Die Verbesserung des Passagierkomforts bis zum Jahr 2050 stand auch im
Mittelpunkt des EU-Projekts „Virtual
Reality Hyperspace“, das kürzlich mit
neun Partnern aus sechs Ländern abgeschlossen wurde. Neben Wissenschaftlern waren daran auch die Entwicklungsabteilung von Airbus sowie der
Satellitenhersteller Thales Alenia Space
beteiligt. Zu den Beratern zählten auch
Firmen wie etwa die Lufthansa. Der
Schlussbericht des Gremiums steht jedoch noch aus. Die an dem Projekt beteiligte Wissenschaftlerin Betty Mohler
vom Max-Planck Institut für biologische
Kybernetik verweist auf die die enormen
Möglichkeiten künstlicher Welten. „Unabhängig davon, ob die Zukunft fensterlose Flugzeugdesigns bringt, klagen derzeit die meisten Passagiere über ihren
begrenzten Raum“, sagt sie.

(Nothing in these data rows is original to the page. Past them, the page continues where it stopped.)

lemma terminates: "\<exists>r. reaches r \<and> gap r \<le> \<epsilon>"
proof -
  have "\<not> (\<forall>r. \<epsilon> < gap r)"
  proof
    assume run: "\<forall>r. \<epsilon> < gap r"
    from iterates_bounded[OF run] obtain B
      where B: "\<forall>r. \<bar>y0 r\<bar> \<le> B \<and> (\<forall>p\<in>Jset N m. \<bar>y r p\<bar> \<le> B)" ..
    have B0: "\<bar>y0 r\<bar> \<le> B" and B1: "p \<in> Jset N m \<Longrightarrow> \<bar>y r p\<bar> \<le> B" for r p
      using B by simp_all
    define \<delta> where "\<delta> = \<epsilon> / (1 + \<bar>G\<bar> * card (Jset N m))"
    have "0 < 1 + \<bar>G\<bar> * card (Jset N m)" by (simp add: add_pos_nonneg)
    then have "0 < \<delta>" and \<delta>: "\<delta> * (1 + \<bar>G\<bar> * card (Jset N m)) = \<epsilon>"
      using eps_pos unfolding \<delta>_def by simp_all
    from bounded_sequence_close_pair[OF finite_Jset \<open>0 < \<delta>\<close> B0 B1] obtain r
      where "\<exists>r'. r < r' \<and> \<bar>y0 r - y0 r'\<bar> < \<delta> \<and> (\<forall>p\<in>Jset N m. \<bar>y r p - y r' p\<bar> < \<delta>)" ..
    then obtain r' where close: "r < r'" "\<bar>y0 r - y0 r'\<bar> < \<delta>" "\<forall>p\<in>Jset N m. \<bar>y r p - y r' p\<bar> < \<delta>"
      by blast
    from close(3) have "(\<Sum>p\<in>Jset N m. \<bar>y r p - y r' p\<bar>) \<le> card (Jset N m) * \<delta>"
      using sum_bounded_above[of "Jset N m" "\<lambda>p. \<bar>y r p - y r' p\<bar>" \<delta>] by (simp add: less_imp_le)
    then have "\<bar>G\<bar> * (\<Sum>p\<in>Jset N m. \<bar>y r p - y r' p\<bar>) \<le> \<bar>G\<bar> * (card (Jset N m) * \<delta>)"
      by (rule mult_left_mono) simp
    moreover have "G * (\<Sum>p\<in>Jset N m. \<bar>y r p - y r' p\<bar>) \<le> \<bar>G\<bar> * (\<Sum>p\<in>Jset N m. \<bar>y r p - y r' p\<bar>)"
      by (intro mult_right_mono sum_nonneg) simp_all
    moreover have "\<delta> + \<bar>G\<bar> * (card (Jset N m) * \<delta>) = \<epsilon>"
      using \<delta> by (simp add: algebra_simps)
    ultimately show False
      using iterates_separated[OF run close(1)] close(2) by linarith
  qed
  then have "\<exists>r. gap r \<le> \<epsilon>" by (simp add: not_less)
  from exists_least_iff[THEN iffD1, OF this]
  obtain r where "gap r \<le> \<epsilon> \<and> (\<forall>r'<r. \<not> gap r' \<le> \<epsilon>)" ..
  then show ?thesis by (intro exI[of _ r]) (simp add: not_le)
qed

end

theorem proposition4p8:
  fixes N :: nat
    and X :: "nat \<Rightarrow> 'a::euclidean_space set"
    and d :: "nat \<Rightarrow> 'a \<Rightarrow> 'a \<Rightarrow> real"
    and \<mu> :: "nat \<Rightarrow> 'a measure"
    and f :: "(nat \<Rightarrow> 'a) \<Rightarrow> real"
    and L :: real
    and m :: "nat \<Rightarrow> nat"
    and g :: "nat \<Rightarrow> nat \<Rightarrow> 'a \<Rightarrow> real"
    and Xd0 :: "(nat \<Rightarrow> 'a) set"
    and Orcl :: "(nat \<times> nat \<Rightarrow> real) \<Rightarrow> (nat \<Rightarrow> 'a) \<times> real"
    and \<epsilon> :: real
    and Xd :: "nat \<Rightarrow> (nat \<Rightarrow> 'a) set"
    and y0 :: "nat \<Rightarrow> real"
    and y :: "nat \<Rightarrow> nat \<times> nat \<Rightarrow> real"
    and w :: "nat \<Rightarrow> (nat \<Rightarrow> 'a) \<Rightarrow> real"
  assumes metric: "\<And>i. i < N \<Longrightarrow> Metric_space (X i) (d i)"
    and compact: "\<And>i. i < N \<Longrightarrow> compact_space (Metric_space.mtopology (X i) (d i))"
    and prob: "\<And>i. i < N \<Longrightarrow> prob_space (\<mu> i)"
    and borel: "\<And>i. i < N \<Longrightarrow> sets (\<mu> i) = sets (metric_borel (X i) (d i))"
    and L_pos: "L > 0"
    and lipschitz: "\<forall>x\<in>PiE {..<N} X. \<forall>x'\<in>PiE {..<N} X.
                     \<bar>f x - f x'\<bar> \<le> L * (\<Sum>i<N. d i (x i) (x' i))"
    and BSS: "(\<forall>i<N. BSS_a (X i) (d i) (\<mu> i) (m i) (g i)) \<or>
              (\<forall>i<N. BSS_b (X i) (d i) (\<mu> i) (m i) (g i))"
    and Xd0: "finite Xd0" "Xd0 \<subseteq> PiE {..<N} X"
    and superlevel: "lp_bounded_superlevel N m \<mu> g f Xd0"
    and Orcl: "\<And>z. fst (Orcl z) \<in> PiE {..<N} X \<and>
                   (\<forall>x\<in>PiE {..<N} X. f (fst (Orcl z)) - gdot N m g (fst (Orcl z)) z
                                       \<le> f x - gdot N m g x z) \<and>
                   snd (Orcl z) = f (fst (Orcl z)) - gdot N m g (fst (Orcl z)) z"
    and eps_pos: "\<epsilon> > 0"
    and run_init: "Xd 0 = Xd0"
    and run_lp: "\<And>r. (\<forall>r'<r. y0 r' - snd (Orcl (y r')) > \<epsilon>) \<Longrightarrow>
                   lp_optimizer N m \<mu> g f (Xd r) (y0 r) (y r)"
    and run_dual: "\<And>r. (\<forall>r'<r. y0 r' - snd (Orcl (y r')) > \<epsilon>) \<Longrightarrow>
                   dual_optimizer N m \<mu> g f (Xd r) (w r)"
    and run_cut: "\<And>r. (\<forall>r'<r. y0 r' - snd (Orcl (y r')) > \<epsilon>) \<Longrightarrow>
                   y0 r - snd (Orcl (y r)) > \<epsilon> \<Longrightarrow>
                   (\<exists>Xs. finite Xs \<and> Xs \<subseteq> PiE {..<N} X \<and> fst (Orcl (y r)) \<in> Xs \<and>
                         Xd (Suc r) = Xd r \<union> Xs)"
  shows "\<exists>r. (\<forall>r'<r. y0 r' - snd (Orcl (y r')) > \<epsilon>) \<and> y0 r - snd (Orcl (y r)) \<le> \<epsilon> \<and>
     (let s = snd (Orcl (y r));
          \<alpha>UB = lp_obj N m \<mu> g (y0 r) (y r);
          \<alpha>LB = lp_obj N m \<mu> g (y0 r) (y r) - y0 r + s;
          LSIP = lp_value N m \<mu> g f (PiE {..<N} X);
          hat_y0 = s;
          hat_y = y r;
          hat_\<mu> = discrete_measure (PiM {..<N} \<mu>) (Xd r) (w r);
          MOT = mot_value N m \<mu> g f
      in \<alpha>LB \<le> LSIP \<and> LSIP \<le> \<alpha>UB \<and> \<alpha>UB - \<alpha>LB \<le> \<epsilon> \<and>
         lp_feasible N m g f (PiE {..<N} X) hat_y0 hat_y \<and>
         \<bar>LSIP - lp_obj N m \<mu> g hat_y0 hat_y\<bar> \<le> \<epsilon> \<and>
         lp_obj N m \<mu> g hat_y0 hat_y = \<alpha>LB \<and>
         hat_\<mu> \<in> Gamma N m \<mu> g \<and>
         \<bar>integral\<^sup>L hat_\<mu> f - MOT\<bar> \<le> \<epsilon> \<and>
         integral\<^sup>L hat_\<mu> f = \<alpha>UB)"
proof -
  let ?PX = "PiE {..<N} X"
  have space: "space (PiM {..<N} \<mu>) = ?PX" by (rule space_PiM_metric_borel[OF metric borel])
  have f_measurable: "f \<in> borel_measurable (PiM {..<N} \<mu>)"
    using lipschitz_PiE_borel_measurable[OF metric compact borel _ lipschitz] L_pos by simp
  obtain B where f_bounded: "\<And>x. x \<in> ?PX \<Longrightarrow> \<bar>f x\<bar> \<le> B"
    using lipschitz_PiE_bounded[OF metric compact _ lipschitz] L_pos by auto
  obtain G where g_bounded: "\<And>i j x. (i, j) \<in> Jset N m \<Longrightarrow> x \<in> X i \<Longrightarrow> \<bar>g i j x\<bar> \<le> G"
    using BSS_moment_functions_regular(2)[OF metric compact borel BSS] by blast
  have g_measurable: "\<And>i j. (i, j) \<in> Jset N m \<Longrightarrow> g i j \<in> borel_measurable (\<mu> i)"
    using BSS_moment_functions_regular(1)[OF metric compact borel BSS] by blast
  interpret cutting_plane_run N m \<mu> g f X G Xd0 Orcl \<epsilon> Xd y0 y
    using g_bounded Xd0 superlevel Orcl eps_pos run_init run_lp run_cut by unfold_locales
  obtain r where r: "reaches r" "gap r \<le> \<epsilon>" using terminates by blast
  have opt: "lp_optimizer N m \<mu> g f (Xd r) (y0 r) (y r)" and dual: "dual_optimizer N m \<mu> g f (Xd r) (w r)"
    and cuts: "Xd r \<subseteq> ?PX" "finite (Xd r)"
    using run_lp[OF r(1)] run_dual[OF r(1)] cuts_reached[OF r(1)] by simp_all
  note hat_\<mu> = dual_optimizer_discrete_measure[OF cuts(2) cuts(1)[folded space] opt dual g_measurable f_measurable]
  have "lp_obj N m \<mu> g (snd (Orcl (y r))) (y r) \<le> integral\<^sup>L \<nu> f" if "\<nu> \<in> Gamma N m \<mu> g" for \<nu>
    by (rule lp_obj_le_integral_Gamma[OF that space f_measurable f_bounded g_measurable g_bounded oracle_feasible])
  note MOT = mot_value_bounds[OF hat_\<mu>(1) this]
  note LSIP = lp_value_bounds[OF cuts(1) opt oracle_feasible[of "y r"]]
  show ?thesis unfolding Let_def
    using r LSIP MOT hat_\<mu> oracle_feasible[of "y r"] by (intro exI[of _ r]) (auto simp: lp_obj_def abs_le_iff)
qed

Tatsächlich
sitze nur eine geringe Zahl von ihnen
derzeit an einem Fenster. „Über virtuelle
Realität möchten wir positive Illusionen
über mehr Platz schaffen.“
Mohler geht davon aus, dass künftig
nicht nur große Displays an Bord Kunstwelten vorspiegeln, sondern die Passagiere beispielsweise Spezialbrillen tragen
werden, über die ihnen individuelle virtuelle Welten vorgespielt werden. Damit
sei es möglich, selbst auf einem engen
Sitzplatz sein Umfeld auszublenden,
sagt sie. Durch die Illusion eines veränderten Raumes könne auch das Körpergefühl geändert werden. So lasse sich
beispielsweise die beengende Rückenlehne des Vordermanns im Flugzeug mit
Hilfe einer Computerbrille einfach
transparent wegschalten. Nach Angaben
Mohlers gibt es sogar erste Versuche mit
solchen Brillen, bei denen der Sitznachbar in eine andere Person verwandelt
werden kann – also in einen künstlichen
Stellvertreter oder Avatar.
Dann könnte beispielsweise der beste
Freund neben einem sitzen, sobald man
ein spezielles Headset aufgesetzt hat.
Zudem könnte auch das Äußere der Mitreisenden verändert werden, die Art,
wie sie wahrgenommen werden. „Wir
können ihr Bild manipulieren“, sagt
Mohler. Etwas dünner, etwas dicker,
statt einem Mann eine Frau – alles
scheint möglich. Selbst das eigene Aussehen könnte über Datenbrillen verändert wahrgenommen werden. Die Technik virtueller Welten könnte sogar die
Einteilung der Passagierkabine ändern,
heißt es in der Branche. Statt Economy,
Business und First Class könnten dann
unterschiedliche technische Möglichkeiten für die Einteilung sorgen. Möglich
seien Kontaktzonen, in denen Treffen
mit Freunden stattfinden, die von der
Erde auf Riesendisplays ins Flugzeug
übertragen werden.
Doch bevor all das Realität wird, seien
noch einige technische Probleme zu lösen, deutet Mohler an. Auch Oliver Stefani vom Fraunhofer-Institut gibt zu,
dass noch Verbesserungsbedarf besteht.
Noch sei die Technik teilweise zu teuer
oder die Computerbrillen für die Passagiere zu unpraktisch. Dennoch ist er
überzeugt, dass diese Technologien irgendwann an Bord kommen werden.